Joe, the vaccine virus is shown not to spread beyong the innoculation site. That's what picture number 8 is showing. Normal HSV infections travel, and go dormant in places the virus has travelled to. If the vaccine does not replicate beyond the innoculation site then there is no dormant infection hidded up nerve fibres etc to re-activate.
Activities that can spread Oral herpes include having an infected parent (well done my mother, not giving it to any of her kids despite a recurrent infection on the lips), kissing (probably how my mother got it), having a cup of coffee from a cup in a shared kitchen or the kitchen of a friend with an infection (lower likelyhood, but still a risk).
A hypothetical complication that I don't think popped up (disclaimer: I only skimmed the paper) is the possibility that with high rates of vaccination, the virulence of HSV might increase to compensate. I bring this up because the principle of vaccination with a non-pathogenic type of herpesvirus is has been widely used in chickens to ward off Marek's disease, and there's been a recent trend where MDV has been becoming more virulent to increase its transmission.
Wait, do you refer to mice as "moose" too?
Interesting report Erv. The different live-virus approaches to HSV-2 vaccination being developed by William Halford and David Knipe look quite promising.
I'm still a little concened that these viruses persist at very low levels for some time, but as Halford et al. point out the experience with the VSV vaccine that works in a similar way is reassuring. Any risks associated with the possibility that the vaccine might mutate or recombine to produce a virulant virus are likely to be a lot lower than those associated with what is a very common infection. Still, perhaps longer term (2+ years?) animal studies should be undertaken to assess this risk before the vaccine is taken to clinical trials.

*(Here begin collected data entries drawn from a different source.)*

(* Let $t>0$ and $\gamma\ge 9$, and let $$r_2(\gamma)=\frac{\gamma-1-\sqrt{(\gamma-1)(\gamma-9)}}{4}.$$ Consider the infinite linear program: minimize $\phi$ over real $\phi$ and sequences $(x_i)_{i\ge1}$ with $x_i\ge0$ for all $i$, subject to $$\sum_{i=1}^{n}2x_i+(1-\gamma)x_{n-1}+nt\le\phi\qquad\text{for all } n\ge1,$$ with the convention $x_0=0$ (so the constraints read $2x_1+t\le\phi$, $(3-\gamma)x_1+2x_2+2t\le\phi$, $2x_1+(3-\gamma)x_2+2x_3+3t\le\phi$, etc.). Then the optimal value is $\phi(\gamma)=r_2(\gamma)\,t$, and it is attained by the strategy $$x_i=\tfrac12\big(r_2(\gamma)^i-1\big)t,\qquad i\ge1.$$ Equivalently, in the search-with-turn-cost model described in the context, this strategy has worst-case total cost $\gamma D+r_2(\gamma)t$, and no strategy guarantees worst-case total cost $\gamma D+\phi$ with $\phi<r_2(\gamma)t$.
   Context: Model of searching on a line with turn cost and no lower bound on the target distance: the searcher alternates sides, at step $i$ walking distance $x_i\ge0$ from the origin on one side and back (the side alternating with $i$); the cost is the total distance walked plus $t$ for each excursion (turn). The target is at unknown distance $D>0$. A strategy guarantees total cost $\gamma D+\phi$ if for every target position the cost of finding it is at most $\gamma D+\phi$; the $n$-th linear constraint above expresses this for a target just beyond $x_{n-1}$ on the side visited at steps $n-1$ and $n+1$. *)

theory Defs
  imports Complex_Main
begin

definition r2 :: "real \<Rightarrow> real" where
  "r2 \<gamma> = (\<gamma> - 1 - sqrt ((\<gamma> - 1) * (\<gamma> - 9))) / 4"

text \<open>Feasibility for the infinite LP. The sequence is indexed from 1;
  the convention x_0 = 0 is built in (the value x 0 is ignored).\<close>
definition lp_feasible :: "real \<Rightarrow> real \<Rightarrow> real \<Rightarrow> (nat \<Rightarrow> real) \<Rightarrow> bool" where
  "lp_feasible t \<gamma> \<phi> x \<longleftrightarrow>
     (\<forall>i\<ge>1. 0 \<le> x i) \<and>
     (\<forall>n\<ge>1. (\<Sum>i=1..n. 2 * x i) + (1 - \<gamma>) * (if n - 1 = 0 then 0 else x (n - 1))
               + real n * t \<le> \<phi>)"

end

theory Submission
  imports Defs
begin

(* Write S_n = x_1 + ... + x_n.  The n-th constraint reads
   2 S_n + (1 - gamma) x_{n-1} + n t <= phi, a linear recurrence whose characteristic
   equation 2 w^2 = (gamma - 1)(w - 1) has the roots r = r2 gamma and A = r / (r - 1),
   real for gamma >= 9, with 1 < r <= 2 <= A.

   Upper bound: the geometric strategy x_i = (r^i - 1) t / 2 makes every constraint
   tight at phi = r t.

   Lower bound (gamma > 9, so r < A): weighting the first N + 1 constraints by
   A^k - r^k >= 0 makes the left-hand sides telescope to 2 (A - r) S_{N+1} >= 0, while
   the weighted right-hand sides have a closed form dominated by r (phi - r t) A^M.
   Hence phi < r t is impossible.  The double-root case gamma = 9 follows by a limit,
   because feasibility is monotone in gamma and r2 is continuous. *)

text \<open>Characteristic equation of the constraint recurrence \<open>2 S\<^sub>n - (\<gamma> - 1) x\<^sub>n\<^sub>-\<^sub>1 \<le> \<dots>\<close>
  (\<open>S\<^sub>n\<close> the partial sums): \<open>w\<close> is a root iff \<open>2 w\<^sup>2 - (\<gamma> - 1) w + (\<gamma> - 1) = 0\<close>.\<close>

definition char_root :: "real \<Rightarrow> real \<Rightarrow> bool" where
  "char_root \<gamma> w \<longleftrightarrow> 2 * w\<^sup>2 = (\<gamma> - 1) * (w - 1)"

lemma r2_char_root:
  fixes \<gamma> :: real assumes "\<gamma> \<ge> 9"
  shows "char_root \<gamma> (r2 \<gamma>)"
proof -
  let ?s = "sqrt ((\<gamma> - 1) * (\<gamma> - 9))"
  have "?s = \<gamma> - 1 - 4 * r2 \<gamma>" unfolding r2_def by (simp add: field_simps)
  moreover have "?s\<^sup>2 = (\<gamma> - 1) * (\<gamma> - 9)" using assms by simp
  ultimately have "(\<gamma> - 1 - 4 * r2 \<gamma>)\<^sup>2 = (\<gamma> - 1) * (\<gamma> - 9)" by simp
  thus ?thesis unfolding char_root_def by (simp add: power2_eq_square algebra_simps)
qed

text \<open>The root \<open>r2 \<gamma>\<close> exceeds 1, and it is below 2 (the double root at \<open>\<gamma> = 9\<close>)
  as soon as \<open>\<gamma> > 9\<close>; this makes the two characteristic roots distinct.\<close>

lemma r2_gt_1:
  fixes \<gamma> :: real assumes "\<gamma> \<ge> 9"
  shows "1 < r2 \<gamma>"
proof -
  have "sqrt ((\<gamma> - 1) * (\<gamma> - 9)) < sqrt ((\<gamma> - 5)\<^sup>2)"
    by (rule real_sqrt_less_mono) (simp add: power2_eq_square algebra_simps)
  thus ?thesis using assms unfolding r2_def by simp
qed

lemma r2_lt_2:
  fixes \<gamma> :: real assumes "\<gamma> > 9"
  shows "r2 \<gamma> < 2"
proof -
  have "\<gamma> - 9 < sqrt ((\<gamma> - 1) * (\<gamma> - 9))"
    using assms by (intro real_less_rsqrt) (simp add: power2_eq_square algebra_simps)
  thus ?thesis unfolding r2_def by simp
qed

text \<open>The roots come in pairs \<open>w\<close>, \<open>w / (w - 1)\<close>: their sum and product are both
  \<open>(\<gamma> - 1) / 2\<close>.\<close>

lemma char_root_conjugate:
  assumes "char_root \<gamma> w" and "w \<noteq> 1"
  shows "char_root \<gamma> (w / (w - 1))"
proof -
  have d: "w - 1 \<noteq> 0" using assms(2) by simp
  have "2 * (w / (w - 1))\<^sup>2 = 2 * w\<^sup>2 / (w - 1)\<^sup>2" by (simp add: power_divide)
  also have "\<dots> = (\<gamma> - 1) / (w - 1)"
    using assms(1) d unfolding char_root_def by (simp add: power2_eq_square)
  also have "\<dots> = (\<gamma> - 1) * (w / (w - 1) - 1)" using d by (simp add: field_simps)
  finally show ?thesis unfolding char_root_def .
qed
lemma sum_gcd_ratio_dist_le:
  assumes "Y \<subseteq> {..<U}" and "x \<notin> Y" and "x < U"
  shows "(\<Sum>y\<in>Y. \<Sum>z\<in>Y. gcd_ratio (nat \<bar>int y - int x\<bar>) (nat \<bar>int z - int x\<bar>))
           \<le> 8 * real U * (1 + ln (real U))"
proof -
  have "(\<Sum>y\<in>Y. \<Sum>z\<in>Y. gcd_ratio (nat \<bar>int y - int x\<bar>) (nat \<bar>int z - int x\<bar>))
          \<le> (\<Sum>y\<in>Y. 2 * (\<Sum>b=1..U-1. gcd_ratio (nat \<bar>int y - int x\<bar>) b))"
    using assms by (intro sum_mono sum_dist_le gcd_ratio_nonneg)
  also have "\<dots> = 2 * (\<Sum>y\<in>Y. \<Sum>b=1..U-1. gcd_ratio (nat \<bar>int y - int x\<bar>) b)"
    by (simp add: sum_distrib_left)
  also have "\<dots> \<le> 2 * (2 * (\<Sum>a=1..U-1. \<Sum>b=1..U-1. gcd_ratio a b))"
    using assms by (intro mult_left_mono sum_dist_le sum_nonneg gcd_ratio_nonneg) auto
  also have "\<dots> \<le> 2 * (2 * (2 * real (U - 1) * harm (U - 1)))"
    using sum_gcd_ratio_le[of "U - 1"] by linarith
  also have "\<dots> \<le> 8 * real U * (1 + ln (real U))"
  proof (cases "U \<ge> 2")
    case True
    have "harm (U - 1) \<le> 1 + ln (real (U - 1))"
      using True by (intro harm_le_one_plus_ln) simp
    also have "\<dots> \<le> 1 + ln (real U)"
      using True by simp
    finally have "real (U - 1) * harm (U - 1) \<le> real U * (1 + ln (real U))"
      by (intro mult_mono) (auto intro: harm_nonneg)
    then show ?thesis
      by simp
  next
    case False
    then have "U = 0 \<or> U = 1"
      by linarith
    then show ?thesis
      by auto
  qed
  finally show ?thesis .
qed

I have seen a perfectly healthy full term newborn die within a week because of herpes infection picked up at birth because mom's outbreak was undiagnosed. Let's hope this research pans out.
Wait, do you refer to mice as "moose" too?
Since the plural of both 'mice' and 'moose' is 'meese', there's obviously great potential for linguistic drift.
Meanwhile, how about encouraging young people to be very particular about who they slip with. It is best to only sleep with your wife or husband, who has only slept with you.
Ahh. Freude a in sleep off their tongue, Wallarse? Ease orff.